Most of the time the mean is bigger than the trimmed mean, which is bigger than the median.

In [5]:
weighted_mean = np.average(gym['Height (m)'], weights=gym['Weight (kg)'])
weighted_median = wquantiles.median(gym['Height (m)'], weights=gym['Weight (kg)'])
print(weighted_mean)
print(weighted_median)

1.7359640331419441
1.73


Deviations
* The difference between the observed values and the estimate of location. (errors, residuals)
* For a set of numbers
$$
\{1, 4, 4\}
$$
* the mean is 3 and the median is 4.
* the deviations from the mean are the differences:
$$
1 - 3 = -2, \quad 4 - 3 = 1, \quad 4 - 3 = 1.
$$

Mean absolute deviation
* The mean of the absolute values of the deviations from the mean. (l1-norm, Manhattan norm)
* Take the absolute values of the deviations
$$
\{2, 1, 1\}
$$
* their average is
$$
\frac{2 + 1 + 1}{3} = 1.33\
$$
* Formula
$$
\text{Mean absolute deviation} = \frac{\sum_{i=1}^{n} |x_i - \bar{x}|}{n}
$$


Variance
* The sum of squared deviations from the mean divided by the number of observations minus 1. (mean-squared error)
* Formula
$$
\text{Variance} = s^2 = \frac{\sum_{i=1}^{n} (x_i - \bar{x})^2}{n-1}
$$

Standard deviation
* The square root of the variance.
* Formula
$$
s = \sqrt{\frac{\sum_{i=1}^{n} (x_i - \bar{x})^2}{n-1}}
$$
* The standard deviation is the same scale as the original data.

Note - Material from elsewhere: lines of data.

(* Let $A\in\mathbb R^{m\times n}$, $B\in\mathbb R^{d\times n}$ with $m\ge n$, $d\ge n$, and $B$ of full column rank $n$. Let $A=U\Gamma Y^T$, $B=V\Sigma Y^T$ be a reduced GSVD of $(A,B)$ as in the context, and let $1\le k<n$ with $\gamma_1/\sigma_1>\gamma_2/\sigma_2>\dots>\gamma_k/\sigma_k>\gamma_{k+1}/\sigma_{k+1}$. Define $s_A=\mathrm{DEIM}(U_k)$, $s_B=\mathrm{DEIM}(V_k)$, $p=\mathrm{DEIM}(Y_k)$, where $U_k,V_k,Y_k$ are the first $k$ columns of $U,V,Y$. (i) Let $G=AB^{+}$ (which equals $AB^{-1}$ when $B$ is square). Then $\sigma_i>0$ for all $i$, $G=U(\Gamma\Sigma^{-1})V^T$ is a (reduced) singular value decomposition of $G$, and if $W_k$ and $Z_k$ denote any matrices of $k$ dominant left and right singular vectors of $G$, then $\mathrm{DEIM}(W_k)=s_A$ and $\mathrm{DEIM}(Z_k)=s_B$. (ii) If $d=n$ and $B=I_n$, then, with $W_k$ and $Z_k$ any matrices of $k$ dominant left and right singular vectors of $A$, $\mathrm{DEIM}(W_k)=s_A$ and $\mathrm{DEIM}(Z_k)=p$; consequently the factors $C=AP$ and $R=S_A^TA$ (with $P=I_n(:,p)$, $S_A=I_m(:,s_A)$) of the GCUR of $A$ coincide with those of the DEIM-CUR decomposition of $A$.
   Context: Reduced GSVD: $U\in\mathbb R^{m\times n}$, $V\in\mathbb R^{d\times n}$ have orthonormal columns, $Y\in\mathbb R^{n\times n}$ is nonsingular, $\Gamma=\mathrm{diag}(\gamma_i)$, $\Sigma=\mathrm{diag}(\sigma_i)$ with $\gamma_i,\sigma_i\in[0,1]$, $\gamma_i^2+\sigma_i^2=1$, ordered so that $\gamma_i/\sigma_i$ is nonincreasing, and $A=U\Gamma Y^T$, $B=V\Sigma Y^T$. $B^+$ is the Moore–Penrose pseudoinverse. DEIM index selection: for a matrix $X=[\mathbf x_1,\dots,\mathbf x_k]\in\mathbb R^{N\times k}$ with linearly independent columns, $\mathrm{DEIM}(X)=(s_1,\dots,s_k)$ is defined by: $s_1$ is the smallest index $i$ maximizing $|\mathbf x_1(i)|$; for $j=2,\dots,k$, with $X_{j-1}=[\mathbf x_1,\dots,\mathbf x_{j-1}]$ and $S_{j-1}=I_N(:,(s_1,\dots,s_{j-1}))$, set $\mathbf r_j=\mathbf x_j-X_{j-1}(S_{j-1}^TX_{j-1})^{-1}S_{j-1}^T\mathbf x_j$ and let $s_j$ be the smallest index $i$ maximizing $|\mathbf r_j(i)|$. (Here $I_N(:,s)$ is the matrix of columns of the identity indexed by $s$.) The DEIM-CUR decomposition of a matrix $A$ uses row indices $\mathrm{DEIM}(W_k)$ and column indices $\mathrm{DEIM}(Z_k)$ for the dominant left/right singular vectors $W_k,Z_k$; the GCUR of $(A,B)$ uses column indices $p$ for both $A$ and $B$, row indices $s_A$ for $A$ and $s_B$ for $B$. *)

theory Defs
  imports "Jordan_Normal_Form.Gauss_Jordan_Elimination" "Jordan_Normal_Form.DL_Rank"
begin
lemma inverse_sqrt_one_minus_square_less:
  fixes s :: real
  assumes "0 < s" "s\<^sup>2 < 1/2"
  shows "1 / sqrt (1 - s\<^sup>2) < (s + sqrt (s\<^sup>2 + 4)) / 2"
proof -
  define c where "c = 1 - s\<^sup>2"
  define g where "g = sqrt (s\<^sup>2 + 4)"
  have "c > 0" unfolding c_def using assms(2) by simp
  have "g > 0" unfolding g_def by (simp add: add_nonneg_pos)
  have g2: "g\<^sup>2 = s\<^sup>2 + 4" unfolding g_def by (simp add: add_nonneg_nonneg)
  have "(g * c)\<^sup>2 - (s * (1 + s\<^sup>2))\<^sup>2 = 4 - 8 * s\<^sup>2"
    unfolding power_mult_distrib g2 c_def by (simp add: algebra_simps power2_eq_square)
  then have "(s * (1 + s\<^sup>2))\<^sup>2 < (g * c)\<^sup>2"
    using assms(2) by simp
  then have gc: "s * (1 + s\<^sup>2) < g * c"
    using \<open>c > 0\<close> \<open>g > 0\<close> by (simp add: power2_less_imp_less)
  have "(2::real)\<^sup>2 = c * (2 * s\<^sup>2 + 4) + 2 * s * (s * (1 + s\<^sup>2))"
    unfolding c_def by (simp add: algebra_simps power2_eq_square)
  also have "\<dots> < c * (2 * s\<^sup>2 + 4) + 2 * s * (g * c)"
    using gc assms(1) by simp
  also have "\<dots> = (sqrt c * (s + g))\<^sup>2"
    using \<open>c > 0\<close> g2 by (simp add: power_mult_distrib algebra_simps power2_eq_square)
  finally have "(2::real)\<^sup>2 < (sqrt c * (s + g))\<^sup>2" .
  moreover have "0 \<le> sqrt c * (s + g)"
    using \<open>c > 0\<close> \<open>g > 0\<close> assms(1) by simp
  ultimately have "2 < sqrt c * (s + g)"
    by (rule power2_less_imp_less)
  then show ?thesis
    unfolding c_def[symmetric] g_def[symmetric] using \<open>c > 0\<close> by (simp add: field_simps)
qed

lemma SUP_p_single_le:
  assumes "0 \<le> \<mu>2" "\<mu>2 \<le> \<mu>1" "\<mu>1 \<le> 1" "(sqrt \<mu>1 + sqrt \<mu>2)\<^sup>2 < 1"
  shows "(SUP \<rho>\<in>{\<rho>. density 2 \<rho>}. p_single \<mu>1 \<mu>2 \<rho>)
    \<le> 1/2 + 1/4 * ((sqrt \<mu>1 - sqrt \<mu>2) / sqrt (1 - (sqrt \<mu>1 + sqrt \<mu>2)\<^sup>2))"
proof (rule cSUP_least)
  show "{\<rho>. density 2 \<rho>} \<noteq> {}" using density_qubit_state_0 by blast
  fix \<rho> assume "\<rho> \<in> {\<rho>. density 2 \<rho>}"
  then have "trace_norm (ampdamp \<mu>1 \<rho> - ampdamp \<mu>2 \<rho>)
      \<le> (sqrt \<mu>1 - sqrt \<mu>2) / sqrt (1 - (sqrt \<mu>1 + sqrt \<mu>2)\<^sup>2)"
    using assms by (intro trace_norm_ampdamp_diff_le) auto
  then show "p_single \<mu>1 \<mu>2 \<rho> \<le> 1/2 + 1/4 * ((sqrt \<mu>1 - sqrt \<mu>2) / sqrt (1 - (sqrt \<mu>1 + sqrt \<mu>2)\<^sup>2))"
    unfolding p_single_def by linarith
qed

lemma p_ent_max_entangled:
  assumes "max_entangled \<Psi>" "0 \<le> \<mu>2" "\<mu>2 \<le> \<mu>1" "\<mu>1 \<le> 1"
  shows "p_ent \<mu>1 \<mu>2 (proj \<Psi>) = 1/2 + 1/4 * ((sqrt \<mu>1 - sqrt \<mu>2)
    * ((sqrt \<mu>1 + sqrt \<mu>2 + sqrt ((sqrt \<mu>1 + sqrt \<mu>2)\<^sup>2 + 4)) / 2))"
proof -
  define e where "e = sqrt \<mu>1 - sqrt \<mu>2"
  define s where "s = sqrt \<mu>1 + sqrt \<mu>2"
  have "e \<ge> 0" unfolding e_def using assms by simp
  have "\<mu>1 - \<mu>2 = e * s" unfolding e_def s_def using assms by (simp add: algebra_simps)
  have "(e * s)\<^sup>2 + 4 * e\<^sup>2 = e\<^sup>2 * (s\<^sup>2 + 4)"
    by (simp add: power_mult_distrib algebra_simps)
  then have "sqrt ((e * s)\<^sup>2 + 4 * e\<^sup>2) = e * sqrt (s\<^sup>2 + 4)"
    using \<open>e \<ge> 0\<close> by (simp add: real_sqrt_mult)
  then show ?thesis
    unfolding p_ent_def trace_norm_ampdamp_id_diff[OF assms] e_def[symmetric] s_def[symmetric]
      \<open>\<mu>1 - \<mu>2 = e * s\<close>
    by (simp add: algebra_simps)
qed
lemma limit_dist_self_le:
  "s \<in> p_Cauchy_seqs X p \<Longrightarrow> t \<in> p_Cauchy_seqs X p \<Longrightarrow> limit_dist p s s \<le> limit_dist p s t"
  by (rule LIMSEQ_le[OF tendsto_limit_dist[OF pm] tendsto_limit_dist[OF pm]])
    (auto intro: partial_metric_self_le[OF pm] p_Cauchy_seqsD)

lemma limit_dist_sym:
  assumes "s \<in> p_Cauchy_seqs X p" "t \<in> p_Cauchy_seqs X p"
  shows "limit_dist p s t = limit_dist p t s"
proof -
  have "(\<lambda>n. p (s n) (t n)) = (\<lambda>n. p (t n) (s n))"
    using partial_metric_sym[OF pm p_Cauchy_seqsD p_Cauchy_seqsD] assms by blast
  then show ?thesis unfolding limit_dist_def by simp
qed

lemma limit_dist_triangle:
  assumes "s \<in> p_Cauchy_seqs X p" "t \<in> p_Cauchy_seqs X p" "u \<in> p_Cauchy_seqs X p"
  shows "limit_dist p s u + limit_dist p t t \<le> limit_dist p s t + limit_dist p t u"
  using assms
  by (intro LIMSEQ_le[OF tendsto_add tendsto_add, OF tendsto_limit_dist[OF pm] tendsto_limit_dist[OF pm]
        tendsto_limit_dist[OF pm] tendsto_limit_dist[OF pm]])
    (auto intro: partial_metric_triangle[OF pm] p_Cauchy_seqsD)

lemma tendsto_limit_dist_const:
  assumes s: "s \<in> p_Cauchy_seqs X p"
  shows "(\<lambda>k. limit_dist p s (\<lambda>_. s k)) \<longlonglongrightarrow> limit_dist p s s"
  unfolding LIMSEQ_iff real_norm_def
proof (intro allI impI)
  fix e :: real assume "e > 0"
  then obtain N where N: "\<forall>m\<ge>N. \<forall>n\<ge>N. \<bar>p (s n) (s m) - limit_dist p s s\<bar> < e / 2"
    using tendsto_limit_dist_self[of p s] s
    unfolding p_Cauchy_seqs_def tendsto_iff eventually_prod_sequentially dist_real_def
    by (metis (no_types, lifting) case_prod_conv half_gt_zero mem_Collect_eq)
  have "\<bar>limit_dist p s (\<lambda>_. s k) - limit_dist p s s\<bar> \<le> e / 2" if "k \<ge> N" for k
  proof (rule LIMSEQ_le_const2)
    show "(\<lambda>n. \<bar>p (s n) (s k) - limit_dist p s s\<bar>) \<longlonglongrightarrow> \<bar>limit_dist p s (\<lambda>_. s k) - limit_dist p s s\<bar>"
      using tendsto_limit_dist[OF pm s const_in_p_Cauchy_seqs[OF p_Cauchy_seqsD[OF s]]]
      by (intro tendsto_intros)
    show "\<exists>N'. \<forall>n\<ge>N'. \<bar>p (s n) (s k) - limit_dist p s s\<bar> \<le> e / 2"
      using N that by (meson less_imp_le)
  qed
  moreover have "e / 2 < e" using \<open>e > 0\<close> by simp
  ultimately show "\<exists>N. \<forall>k\<ge>N. \<bar>limit_dist p s (\<lambda>_. s k) - limit_dist p s s\<bar> < e"
    by (meson le_less_trans)
qed

end

definition limit_equiv :: "('a \<Rightarrow> 'a \<Rightarrow> real) \<Rightarrow> (nat \<Rightarrow> 'a) \<Rightarrow> (nat \<Rightarrow> 'a) \<Rightarrow> bool" where
  "limit_equiv p s t \<longleftrightarrow> limit_dist p s t = limit_dist p s s \<and> limit_dist p s t = limit_dist p t t"

definition limit_class :: "'a set \<Rightarrow> ('a \<Rightarrow> 'a \<Rightarrow> real) \<Rightarrow> (nat \<Rightarrow> 'a) \<Rightarrow> (nat \<Rightarrow> 'a) set" where
  "limit_class X p s = {t \<in> p_Cauchy_seqs X p. limit_equiv p t s}"

definition completion :: "'a set \<Rightarrow> ('a \<Rightarrow> 'a \<Rightarrow> real) \<Rightarrow> (nat \<Rightarrow> 'a) set set" where
  "completion X p = limit_class X p ` p_Cauchy_seqs X p"

definition completion_dist :: "('a \<Rightarrow> 'a \<Rightarrow> real) \<Rightarrow> (nat \<Rightarrow> 'a) set \<Rightarrow> (nat \<Rightarrow> 'a) set \<Rightarrow> real" where
  "completion_dist p A B = limit_dist p (SOME s. s \<in> A) (SOME t. t \<in> B)"

definition completion_embed :: "'a set \<Rightarrow> ('a \<Rightarrow> 'a \<Rightarrow> real) \<Rightarrow> 'a \<Rightarrow> (nat \<Rightarrow> 'a) set" where
  "completion_embed X p x = limit_class X p (\<lambda>_. x)"

lemma limit_class_self: "s \<in> p_Cauchy_seqs X p \<Longrightarrow> s \<in> limit_class X p s"
  unfolding limit_class_def limit_equiv_def by simp

context
  fixes X p
  assumes pm: "partial_metric X p"
begin

lemma limit_dist_cong:
  assumes s: "s \<in> p_Cauchy_seqs X p" and s': "s' \<in> p_Cauchy_seqs X p" and t: "t \<in> p_Cauchy_seqs X p"
    and "limit_equiv p s s'"
  shows "limit_dist p s t = limit_dist p s' t"
  using limit_dist_triangle[OF pm s s' t] limit_dist_triangle[OF pm s' s t] limit_dist_sym[OF pm s s'] assms(4)
  unfolding limit_equiv_def by linarith

lemma limit_class_eq:
  assumes s: "s \<in> p_Cauchy_seqs X p" and t: "t \<in> p_Cauchy_seqs X p" and "limit_equiv p s t"
  shows "limit_class X p s = limit_class X p t"
proof -
  have "limit_equiv p u s \<longleftrightarrow> limit_equiv p u t" if u: "u \<in> p_Cauchy_seqs X p" for u
    using limit_dist_cong[OF s t u \<open>limit_equiv p s t\<close>] \<open>limit_equiv p s t\<close>
      limit_dist_sym[OF pm u s] limit_dist_sym[OF pm u t]
    unfolding limit_equiv_def by auto
  then show ?thesis unfolding limit_class_def by auto
qed

lemma completion_dist_limit_class:
  assumes s: "s \<in> p_Cauchy_seqs X p" and t: "t \<in> p_Cauchy_seqs X p"
  shows "completion_dist p (limit_class X p s) (limit_class X p t) = limit_dist p s t"
proof -
  define s' where "s' = (SOME s'. s' \<in> limit_class X p s)"
  define t' where "t' = (SOME t'. t' \<in> limit_class X p t)"
  have "s' \<in> limit_class X p s" "t' \<in> limit_class X p t"
    unfolding s'_def t'_def using limit_class_self s t by (metis someI)+
  then have s': "s' \<in> p_Cauchy_seqs X p" "limit_equiv p s' s"
    and t': "t' \<in> p_Cauchy_seqs X p" "limit_equiv p t' t"
    unfolding limit_class_def by auto
  have "limit_dist p s' t' = limit_dist p s t'" using limit_dist_cong[OF s'(1) s t'(1) s'(2)] .
  also have "\<dots> = limit_dist p t' s" using limit_dist_sym[OF pm s t'(1)] .
  also have "\<dots> = limit_dist p t s" using limit_dist_cong[OF t'(1) t s t'(2)] .
  also have "\<dots> = limit_dist p s t" using limit_dist_sym[OF pm t s] .
  finally show ?thesis unfolding completion_dist_def s'_def t'_def .
qed

lemma partial_metric_completion: "partial_metric (completion X p) (completion_dist p)"
  unfolding partial_metric_def
proof (intro conjI ballI impI)
  fix A B assume "A \<in> completion X p" "B \<in> completion X p"
  then obtain s t where s: "s \<in> p_Cauchy_seqs X p" and A: "A = limit_class X p s"
    and t: "t \<in> p_Cauchy_seqs X p" and B: "B = limit_class X p t"
    unfolding completion_def by blast
  note dist = completion_dist_limit_class
  show "0 \<le> completion_dist p A B"
    unfolding A B dist[OF s t] using limit_dist_nonneg[OF pm s t] .
  show "completion_dist p A A \<le> completion_dist p A B"
    unfolding A B dist[OF s t] dist[OF s s] using limit_dist_self_le[OF pm s t] .
  show "completion_dist p A B = completion_dist p B A"
    unfolding A B dist[OF s t] dist[OF t s] using limit_dist_sym[OF pm s t] .
  assume "completion_dist p A A = completion_dist p A B \<and> completion_dist p A B = completion_dist p B B"
  then have "limit_equiv p s t"
    unfolding A B dist[OF s t] dist[OF s s] dist[OF t t] limit_equiv_def by simp
  then show "A = B"
    unfolding A B using limit_class_eq[OF s t] by blast
next
  fix A B C assume "A \<in> completion X p" "B \<in> completion X p" "C \<in> completion X p"
  then obtain s t u where s: "s \<in> p_Cauchy_seqs X p" and A: "A = limit_class X p s"
    and t: "t \<in> p_Cauchy_seqs X p" and B: "B = limit_class X p t"
    and u: "u \<in> p_Cauchy_seqs X p" and C: "C = limit_class X p u"
    unfolding completion_def by blast
  show "completion_dist p A C + completion_dist p B B \<le> completion_dist p A B + completion_dist p B C"
    unfolding A B C completion_dist_limit_class[OF s u] completion_dist_limit_class[OF t t]
      completion_dist_limit_class[OF s t] completion_dist_limit_class[OF t u]
    using limit_dist_triangle[OF pm s t u] .
qed

lemma completion_embed_in: "x \<in> X \<Longrightarrow> completion_embed X p x \<in> completion X p"
  unfolding completion_embed_def completion_def by (blast intro: const_in_p_Cauchy_seqs)

lemma completion_dist_embed:
  "x \<in> X \<Longrightarrow> y \<in> X \<Longrightarrow> completion_dist p (completion_embed X p x) (completion_embed X p y) = p x y"
  unfolding completion_embed_def
  by (simp add: completion_dist_limit_class const_in_p_Cauchy_seqs limit_dist_const)

lemma p_converges_completion_embed:
  assumes s: "s \<in> p_Cauchy_seqs X p"
  shows "p_converges (completion_dist p) (\<lambda>k. completion_embed X p (s k)) (limit_class X p s)"
proof -
  note sk = const_in_p_Cauchy_seqs[OF p_Cauchy_seqsD[OF s]]
  have "(\<lambda>k. p (s k) (s k)) \<longlonglongrightarrow> limit_dist p s s"
    using tendsto_limit_dist[OF pm s s] .
  then show ?thesis
    unfolding p_converges_def completion_embed_def
    using tendsto_limit_dist_const[OF pm s]
    by (simp add: completion_dist_limit_class[OF s sk] completion_dist_limit_class[OF s s]
        completion_dist_limit_class[OF sk sk] limit_dist_const)
qed

lemma p_Cauchy_complete_completion: "p_Cauchy_complete (completion X p) (completion_dist p)"
proof (rule p_Cauchy_completeI[OF partial_metric_completion])
  show "completion_embed X p ` X \<subseteq> completion X p"
    using completion_embed_in by blast
  show "\<exists>b. range b \<subseteq> completion_embed X p ` X \<and> p_converges (completion_dist p) b A"
    if "A \<in> completion X p" for A
  proof -
    obtain s where s: "s \<in> p_Cauchy_seqs X p" and A: "A = limit_class X p s"
      using \<open>A \<in> completion X p\<close> unfolding completion_def by blast
    have "range (\<lambda>k. completion_embed X p (s k)) \<subseteq> completion_embed X p ` X"
      using p_Cauchy_seqsD[OF s] by blast
    then show ?thesis unfolding A using p_converges_completion_embed[OF s] by blast
  qed
  show "\<exists>A\<in>completion X p. p_converges (completion_dist p) b A"
    if b: "range b \<subseteq> completion_embed X p ` X" and "p_Cauchy (completion_dist p) b" for b
  proof -
    have "\<forall>k. \<exists>x. x \<in> X \<and> b k = completion_embed X p x"
      using b by blast
    then obtain x where x: "\<And>k. x k \<in> X" and "\<And>k. b k = completion_embed X p (x k)"
      by (metis choice)
    then have b_eq: "b = (\<lambda>k. completion_embed X p (x k))" by blast
    have "p_Cauchy p x"
      using \<open>p_Cauchy (completion_dist p) b\<close> unfolding b_eq p_Cauchy_def
      by (simp add: completion_dist_embed x)
    then have "x \<in> p_Cauchy_seqs X p" unfolding p_Cauchy_seqs_def using x by blast
    then show ?thesis
      unfolding b_eq completion_def using p_converges_completion_embed by blast
  qed
qed

lemma p_dense_completion_embed: "p_dense (completion X p) (completion_dist p) (completion_embed X p ` X)"
  unfolding p_dense_def
proof (intro conjI ballI allI impI)
  show "completion_embed X p ` X \<subseteq> completion X p"
    using completion_embed_in by blast
  fix A and e :: real assume "A \<in> completion X p" "e > 0"
  then obtain s where s: "s \<in> p_Cauchy_seqs X p" and A: "A = limit_class X p s"
    unfolding completion_def by blast
  have "(\<lambda>k. completion_dist p A (completion_embed X p (s k))) \<longlonglongrightarrow> completion_dist p A A"
    using p_converges_completion_embed[OF s] unfolding A p_converges_def by blast
  then obtain k where "completion_dist p A (completion_embed X p (s k)) < completion_dist p A A + e"
    using \<open>e > 0\<close> unfolding LIMSEQ_iff real_norm_def by (metis abs_less_iff add.commute diff_less_eq order_refl)
  then show "\<exists>B\<in>completion_embed X p ` X. B \<in> pball (completion X p) (completion_dist p) A e"
    unfolding pball_def using completion_embed_in p_Cauchy_seqsD[OF s] by blast
qed

lemma p_Cauchy_completion_completion:
  "p_Cauchy_completion X p (completion X p) (completion_dist p) (completion_embed X p)"
  unfolding p_Cauchy_completion_def isometric_embedding_def
  by (simp add: partial_metric_completion p_Cauchy_complete_completion p_dense_completion_embed
      image_subset_iff completion_embed_in completion_dist_embed)

end
lemma smoothing_edges_subset:
  assumes "valid_word n w"
  shows "smoothing_edges n w S \<subseteq> diagram_vertices n w \<times> diagram_vertices n w"
proof (intro subrelI)
  fix u v assume "(u, v) \<in> smoothing_edges n w S"
  then show "(u, v) \<in> diagram_vertices n w \<times> diagram_vertices n w"
    by (cases rule: smoothing_edges_cases)
      (use assms in \<open>auto simp: diagram_vertices_def dest: valid_word_nth\<close>)
qed

lemma component_rel_smoothing_edge:
  "valid_word n w \<Longrightarrow> (u, v) \<in> smoothing_edges n w S \<Longrightarrow>
    (u, v) \<in> component_rel (smoothing_edges n w S) (diagram_vertices n w)"
  using smoothing_edges_subset by (blast intro: component_rel_edge)

lemma smoothing_edges_cong_fst:
  assumes "length w = length w'" "\<forall>l<length w. fst (w!l) = fst (w'!l)"
  shows "smoothing_edges n w S = smoothing_edges n w' S"
  using assms unfolding smoothing_edges_def by (auto; metis)

lemma state_loops_cong_fst:
  assumes "length w = length w'" "\<forall>l<length w. fst (w!l) = fst (w'!l)"
  shows "state_loops n w S = state_loops n w' S"
  using smoothing_edges_cong_fst[OF assms] assms(1) by (simp add: state_loops_def diagram_vertices_def)

lemma state_loops_pos:
  assumes "1 \<le> n"
  shows "1 \<le> state_loops n w S"
proof -
  let ?V = "diagram_vertices n w" and ?R = "component_rel (smoothing_edges n w S) (diagram_vertices n w)"
  have "(0,1) \<in> ?V" using assms by (simp add: diagram_vertices_def)
  then have "?R``{(0,1)} \<in> ?V // ?R" by (rule quotientI)
  moreover have "finite (?V // ?R)"
    by (rule finite_quotient) (auto simp: diagram_vertices_def component_rel_def)
  ultimately have "card (?V // ?R) \<noteq> 0" by auto
  then show ?thesis by (simp add: state_loops_eq_card_components)
qed
lemma symmetric_eigenvectors_upto:
  fixes M :: "real^'n^'n"
  assumes sym: "transpose M = M"
  shows "k \<le> CARD('n) \<Longrightarrow> \<exists>v \<mu>. orthonormal_on {1..k} v \<and> (\<forall>i\<in>{1..k}. M *v v i = \<mu> i *\<^sub>R v i) \<and>
     (\<forall>i j. 1 \<le> i \<longrightarrow> i \<le> j \<longrightarrow> j \<le> k \<longrightarrow> \<mu> j \<le> \<mu> i) \<and>
     (k \<ge> 1 \<longrightarrow> (\<forall>y. norm y = 1 \<longrightarrow> (\<forall>i\<in>{1..k-1}. v i \<bullet> y = 0) \<longrightarrow> y \<bullet> (M *v y) \<le> \<mu> k))"
proof (induction k)
  case 0
  show ?case by (auto simp: orthonormal_on_def)
next
  case (Suc k)
  then obtain v \<mu> where on: "orthonormal_on {1..k} v" and eig: "\<forall>i\<in>{1..k}. M *v v i = \<mu> i *\<^sub>R v i"
    and desc: "\<forall>i j. 1 \<le> i \<longrightarrow> i \<le> j \<longrightarrow> j \<le> k \<longrightarrow> \<mu> j \<le> \<mu> i"
    and max: "k \<ge> 1 \<longrightarrow> (\<forall>y. norm y = 1 \<longrightarrow> (\<forall>i\<in>{1..k-1}. v i \<bullet> y = 0) \<longrightarrow> y \<bullet> (M *v y) \<le> \<mu> k)"
    by auto
  obtain x where nx: "norm x = 1" and xT: "\<forall>i\<in>{1..k}. v i \<bullet> x = 0"
    and ex: "M *v x = (x \<bullet> (M *v x)) *\<^sub>R x"
    and xmax: "\<And>y. norm y = 1 \<Longrightarrow> \<forall>i\<in>{1..k}. v i \<bullet> y = 0 \<Longrightarrow> y \<bullet> (M *v y) \<le> x \<bullet> (M *v x)"
    using symmetric_max_eigenvector_orthogonal[OF sym _ eig] Suc.prems by (metis Suc_le_eq)
  define v' where "v' = v(Suc k := x)"
  define \<mu>' where "\<mu>' = \<mu>(Suc k := x \<bullet> (M *v x))"
  have xx: "x \<bullet> x = 1" using nx by (simp add: dot_square_norm)
  have last_le: "\<mu>' (Suc k) \<le> \<mu> k" if "k \<ge> 1"
  proof -
    have "\<forall>i\<in>{1..k-1}. v i \<bullet> x = 0" using xT by auto
    then show ?thesis using max that nx by (simp add: \<mu>'_def)
  qed
  have "orthonormal_on {1..Suc k} v'"
    unfolding v'_def using on xx xT by (rule orthonormal_on_extend)
  moreover have "\<forall>i\<in>{1..Suc k}. M *v v' i = \<mu>' i *\<^sub>R v' i"
    using eig ex by (auto simp: v'_def \<mu>'_def le_Suc_eq)
  moreover have "\<forall>i j. 1 \<le> i \<longrightarrow> i \<le> j \<longrightarrow> j \<le> Suc k \<longrightarrow> \<mu>' j \<le> \<mu>' i"
  proof (intro allI impI)
    fix i j assume ij: "1 \<le> i" "i \<le> j" "j \<le> Suc k"
    show "\<mu>' j \<le> \<mu>' i"
    proof (cases "j = Suc k \<and> i \<noteq> Suc k")
      case True
      then have "\<mu> k \<le> \<mu> i" "k \<ge> 1" using desc ij by auto
      then show ?thesis using last_le True by (simp add: \<mu>'_def)
    next
      case False
      then show ?thesis using ij desc by (auto simp: \<mu>'_def)
    qed
  qed
  moreover have "\<forall>y. norm y = 1 \<longrightarrow> (\<forall>i\<in>{1..Suc k-1}. v' i \<bullet> y = 0) \<longrightarrow> y \<bullet> (M *v y) \<le> \<mu>' (Suc k)"
    using xmax by (simp add: v'_def \<mu>'_def)
  ultimately show ?case by blast
qed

Median absolute deviation from the median
* The median of the absolute values of the deviations from the median.
* Formula
$$
\text{Median absolute deviation} = \text{median}(|x_1 - \text{median}, |x_2 - \text{median}, \ldots, |x_n - \text{median}|)
$$
* The MAD is not influenced by extreme values.

In [11]:
standard_deviation = gym['Weight (kg)'].std()
iqr = gym['Weight (kg)'].quantile(0.75) - gym['Weight (kg)'].quantile(0.25)
mad = robust.scale.mad(gym['Weight (kg)'])
print(standard_deviation)
print(iqr)
print(mad)

21.20750049840716
27.9
19.866869727975075


* the standard deviation is almost twice as large as the MAD due to the influence of the extreme values.

Range
* The difference between the largest and the smallest value in a data set.

Order statistics
* Metrics based on thw data values sorted from smallest to biggest. (ranks)

Percentile
* The value such P percent of the values take on this value or less and (100 - P) percent take on this value or more. (quantile)

Interquartile range
* The difference between the 75th percentile and the 25th percentile. (IQR)
* Take this set of numbers
$$
\{3,1,5,3,6,7,2,9\}
$$
* We sort them
$$
\{1,2,3,3,5,6,7,9\}
$$
* The 25th percentile is at 2.5 and the 75th percentile is at 6.5. So, the IQR is 6.5 - 2.5 = 4.